Город Флоренция на реке Арно до сих пор хранит славу этого человека. Там его портрет висит в каждом окне; там предание о его суждениях встречает путешественника в каждом месте. «Видите ли вы эту статую Святого Георгия? Микеланджело спросил ее, почему она не говорит». — «Видите ли вы эту прекрасную церковь Санта-Мария-Новелла? Это та, которую Микеланджело называл «своей невестой»». — «Посмотрите на эти бронзовые врата Баптистерия с их горельефами, отлитые Гиберти пятьсот лет назад. Микеланджело сказал, что «они достойны быть вратами Рая»». — Вот церковь, дворец, Лаврентьевская библиотека, которые он построил. Вот его собственный дом. В церкви Санта-Кроче покоятся его бренные останки. Еще при жизни он просил, чтобы его похоронили в этой церкви, в таком месте, чтобы купол собора был виден из его гробницы, когда двери церкви открыты. И там, и так он погребен. Бесчисленные паломники, которых гений Италии влечет в этот город, исправно посещают эту церковь, которая для Флоренции — то же, что Вестминстерское аббатство для Англии. Там, рядом с гробницей Никколо Макиавелли, историка и философа; Галилея, великодушного астронома; Боккаччо и Альфьери, стоит памятник Микеланджело Буонарроти. Три значимых венка изваяны на гробнице; их должно было быть четыре, но его соотечественники побоялись собственной предвзятости. Лоб бюста, считающегося верным портретом, изборожден восемью глубокими морщинами, одна над другой. Путешественник с далекого континента, вглядывающийся в это мраморное чело, чувствует, что он не чужой в этой чужеземной церкви; ибо великое имя Микеланджело гостеприимно звучит в его ушах. Он не был гражданином какой-либо страны; он принадлежал человеческому роду; он был братом и другом всем, кто признает красоту, сияющую во вселенской природе, и кто стремится трудом и самоотречением приблизиться к ее источнику в совершенном добре.
ПРИМЕЧАНИЯ:
[3] Перепечатано из North American Review, июнь 1837 г.
МИЛЬТОН.
I framed his tongue to music,
I armed his hand with skill,
I moulded his face to beauty,
And his heart the throne of will.
МИЛЬТОН. [4]
Обнаружение утраченного труда Мильтона, трактата «О христианском вероучении», в 1823 году внезапно привлекло внимание к его имени. В течение короткого времени литературные журналы были заполнены рассуждениями о его гении; были опубликованы новые издания его работ и новые биографические сборники. Но поскольку вновь найденная книга сама по себе представляла меньший интерес, чем любое другое произведение Мильтона, любопытство публики так же быстро угасло, оставив поэта наслаждаться своей непреходящей славой или лишь тем ее приращением или умалением, которое свойственно возвышенному гению, совершенно независимому от сиюминутных вызовов всеобщего внимания к его заслугам.

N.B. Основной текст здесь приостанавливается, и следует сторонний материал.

(* Let $K$ be a finite subgroup of $U(\mathbb{H})$ and consider the reflection system $L=K$. Then $H_K=[K,K]=\langle aba^{-1}b^{-1}: a,b\in K\rangle$, the commutator subgroup of $K$. Therefore the reflection groups in canonical form with $L=K$ are the groups $G_K(K,H)$ where $H$ is a subgroup of $K$ with $[K,K]\subseteq H\subseteq K$ (any such $H$ is automatically normal in $K$).
   Context: $\mathbb{H}$ is the real quaternion algebra with basis $1,i,j,k$ and $U(\mathbb{H})$ its group of unit quaternions. For a group $K$ and $a,b\in K$ put $a\circ b:=ab^{-1}a$. A reflection system for a finite group $K$ is a subset $L\subseteq K$ which generates $K$, is closed under $\circ$, and contains $1$ (so $K$ itself is a reflection system for $K$). For $b\in K$ let $M_b=\begin{pmatrix}0&b\\ b^{-1}&0\end{pmatrix}$. For a reflection system $L$, $H_L:=\{h\in K:\mathrm{diag}(h,1)\in\langle M_b: b\in L\rangle\}$. For $H\trianglelefteq K$ with $H\subseteq L$, $LH=L$, $G(K,L,H)$ is the subgroup of $U(\mathbb{H}^2)$ generated by $\mathrm{diag}(h,1),\mathrm{diag}(1,h)$ ($h\in H$) and $M_b$ ($b\in L$); it is in canonical form, written $G_K(L,H)$, if $\{b\in K: M_b\in G(K,L,H)\}=L$. *)

theory Defs
  imports Main "HOL.Real"
begin

datatype quat = Quat (qre: real) (qi: real) (qj: real) (qk: real)

definition qzero :: quat where "qzero = Quat 0 0 0 0"
definition qone :: quat where "qone = Quat 1 0 0 0"

definition qmult :: "quat \<Rightarrow> quat \<Rightarrow> quat" where
  "qmult p q = Quat
     (qre p * qre q - qi p * qi q - qj p * qj q - qk p * qk q)
     (qre p * qi q + qi p * qre q + qj p * qk q - qk p * qj q)
     (qre p * qj q - qi p * qk q + qj p * qre q + qk p * qi q)
     (qre p * qk q + qi p * qj q - qj p * qi q + qk p * qre q)"

definition qadd :: "quat \<Rightarrow> quat \<Rightarrow> quat" where
  "qadd p q = Quat (qre p + qre q) (qi p + qi q) (qj p + qj q) (qk p + qk q)"

definition qcnj :: "quat \<Rightarrow> quat" where
  "qcnj q = Quat (qre q) (- qi q) (- qj q) (- qk q)"

definition qnorm2 :: "quat \<Rightarrow> real" where
  "qnorm2 q = (qre q)^2 + (qi q)^2 + (qj q)^2 + (qk q)^2"

text \<open>U(H): unit quaternions; the inverse of a unit quaternion is its conjugate.\<close>
definition UH :: "quat set" where "UH = {q. qnorm2 q = 1}"

inductive_set qgen :: "quat set \<Rightarrow> quat set" for S where
  qgen_one: "qone \<in> qgen S"
| qgen_base: "s \<in> S \<Longrightarrow> s \<in> qgen S"
| qgen_mult: "a \<in> qgen S \<Longrightarrow> b \<in> qgen S \<Longrightarrow> qmult a b \<in> qgen S"
| qgen_inv: "a \<in> qgen S \<Longrightarrow> qcnj a \<in> qgen S"

definition is_subgroup_UH :: "quat set \<Rightarrow> bool" where
  "is_subgroup_UH K \<longleftrightarrow> K \<subseteq> UH \<and> qone \<in> K \<and>
     (\<forall>a\<in>K. \<forall>b\<in>K. qmult a b \<in> K) \<and> (\<forall>a\<in>K. qcnj a \<in> K)"

definition is_subgroup_of :: "quat set \<Rightarrow> quat set \<Rightarrow> bool" where
  "is_subgroup_of H K \<longleftrightarrow> H \<subseteq> K \<and> qone \<in> H \<and>
     (\<forall>a\<in>H. \<forall>b\<in>H. qmult a b \<in> H) \<and> (\<forall>a\<in>H. qcnj a \<in> H)"

definition is_normal_in :: "quat set \<Rightarrow> quat set \<Rightarrow> bool" where
  "is_normal_in H K \<longleftrightarrow> is_subgroup_of H K \<and>
     (\<forall>k\<in>K. \<forall>h\<in>H. qmult (qmult k h) (qcnj k) \<in> H)"

definition commutator_subgroup :: "quat set \<Rightarrow> quat set" where
  "commutator_subgroup K =
     qgen {qmult (qmult a b) (qmult (qcnj a) (qcnj b)) | a b. a \<in> K \<and> b \<in> K}"

definition qcirc :: "quat \<Rightarrow> quat \<Rightarrow> quat" where
  "qcirc a b = qmult (qmult a (qcnj b)) a"

definition reflection_system :: "quat set \<Rightarrow> quat set \<Rightarrow> bool" where
  "reflection_system K L \<longleftrightarrow> L \<subseteq> K \<and> qgen L = K \<and>
     (\<forall>a\<in>L. \<forall>b\<in>L. qcirc a b \<in> L) \<and> qone \<in> L"

type_synonym qmat = "quat \<times> quat \<times> quat \<times> quat"

definition mmult :: "qmat \<Rightarrow> qmat \<Rightarrow> qmat" where
  "mmult A B = (case A of (a11, a12, a21, a22) \<Rightarrow> case B of (b11, b12, b21, b22) \<Rightarrow>
     (qadd (qmult a11 b11) (qmult a12 b21), qadd (qmult a11 b12) (qmult a12 b22),
      qadd (qmult a21 b11) (qmult a22 b21), qadd (qmult a21 b12) (qmult a22 b22)))"

text \<open>Conjugate transpose: the inverse of a matrix in U(H^2).\<close>
definition mstar :: "qmat \<Rightarrow> qmat" where
  "mstar A = (case A of (a11, a12, a21, a22) \<Rightarrow> (qcnj a11, qcnj a21, qcnj a12, qcnj a22))"

definition mone :: qmat where "mone = (qone, qzero, qzero, qone)"

definition mdiag :: "quat \<Rightarrow> quat \<Rightarrow> qmat" where
  "mdiag h k = (h, qzero, qzero, k)"

definition Mb :: "quat \<Rightarrow> qmat" where
  "Mb b = (qzero, b, qcnj b, qzero)"

inductive_set mgen :: "qmat set \<Rightarrow> qmat set" for S where
  mgen_one: "mone \<in> mgen S"
| mgen_base: "s \<in> S \<Longrightarrow> s \<in> mgen S"
| mgen_mult: "a \<in> mgen S \<Longrightarrow> b \<in> mgen S \<Longrightarrow> mmult a b \<in> mgen S"
| mgen_inv: "a \<in> mgen S \<Longrightarrow> mstar a \<in> mgen S"

definition H_L :: "quat set \<Rightarrow> quat set \<Rightarrow> quat set" where
  "H_L K L = {h \<in> K. mdiag h qone \<in> mgen (Mb ` L)}"

definition G_KLH :: "quat set \<Rightarrow> quat set \<Rightarrow> quat set \<Rightarrow> qmat set" where
  "G_KLH K L H = mgen ((\<lambda>h. mdiag h qone) ` H \<union> (\<lambda>h. mdiag qone h) ` H \<union> Mb ` L)"

definition canonical_form :: "quat set \<Rightarrow> quat set \<Rightarrow> quat set \<Rightarrow> bool" where
  "canonical_form K L H \<longleftrightarrow> {b \<in> K. Mb b \<in> G_KLH K L H} = L"

end

theory Submission
  imports Defs
begin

Но если новая и временная слава поэта снова умолкла, тем не менее верно, что в наш век он обрел некоторое приращение постоянного признания. Слава великого человека не является жесткой и каменной, как его бюст. Она меняется со временем. Требуется время, чтобы придать ей должную перспективу. Было очень легко заметить изменившийся тон критики, когда Мильтон вновь появился как автор пятнадцать лет назад, по сравнению с тем, что было посвящено этой же теме ранее. Это подразумевало достоинство неоспоримое и прославленное; однако настолько близкое современному уму, что оно все еще живо и животворно. Облик Мильтона для этого поколения станет частью истории девятнадцатого века. В английской литературе между его эпохой и нашей нет имени, которое приближалось бы к его собственному. И поскольку слава человека, конечно, характеризует тех, кто ее дает, так же, как и того, кто ее получает, новая критика указала на изменение в общественных вкусах, и на изменение, которое, как мог бы претендовать сам поэт, он совершил.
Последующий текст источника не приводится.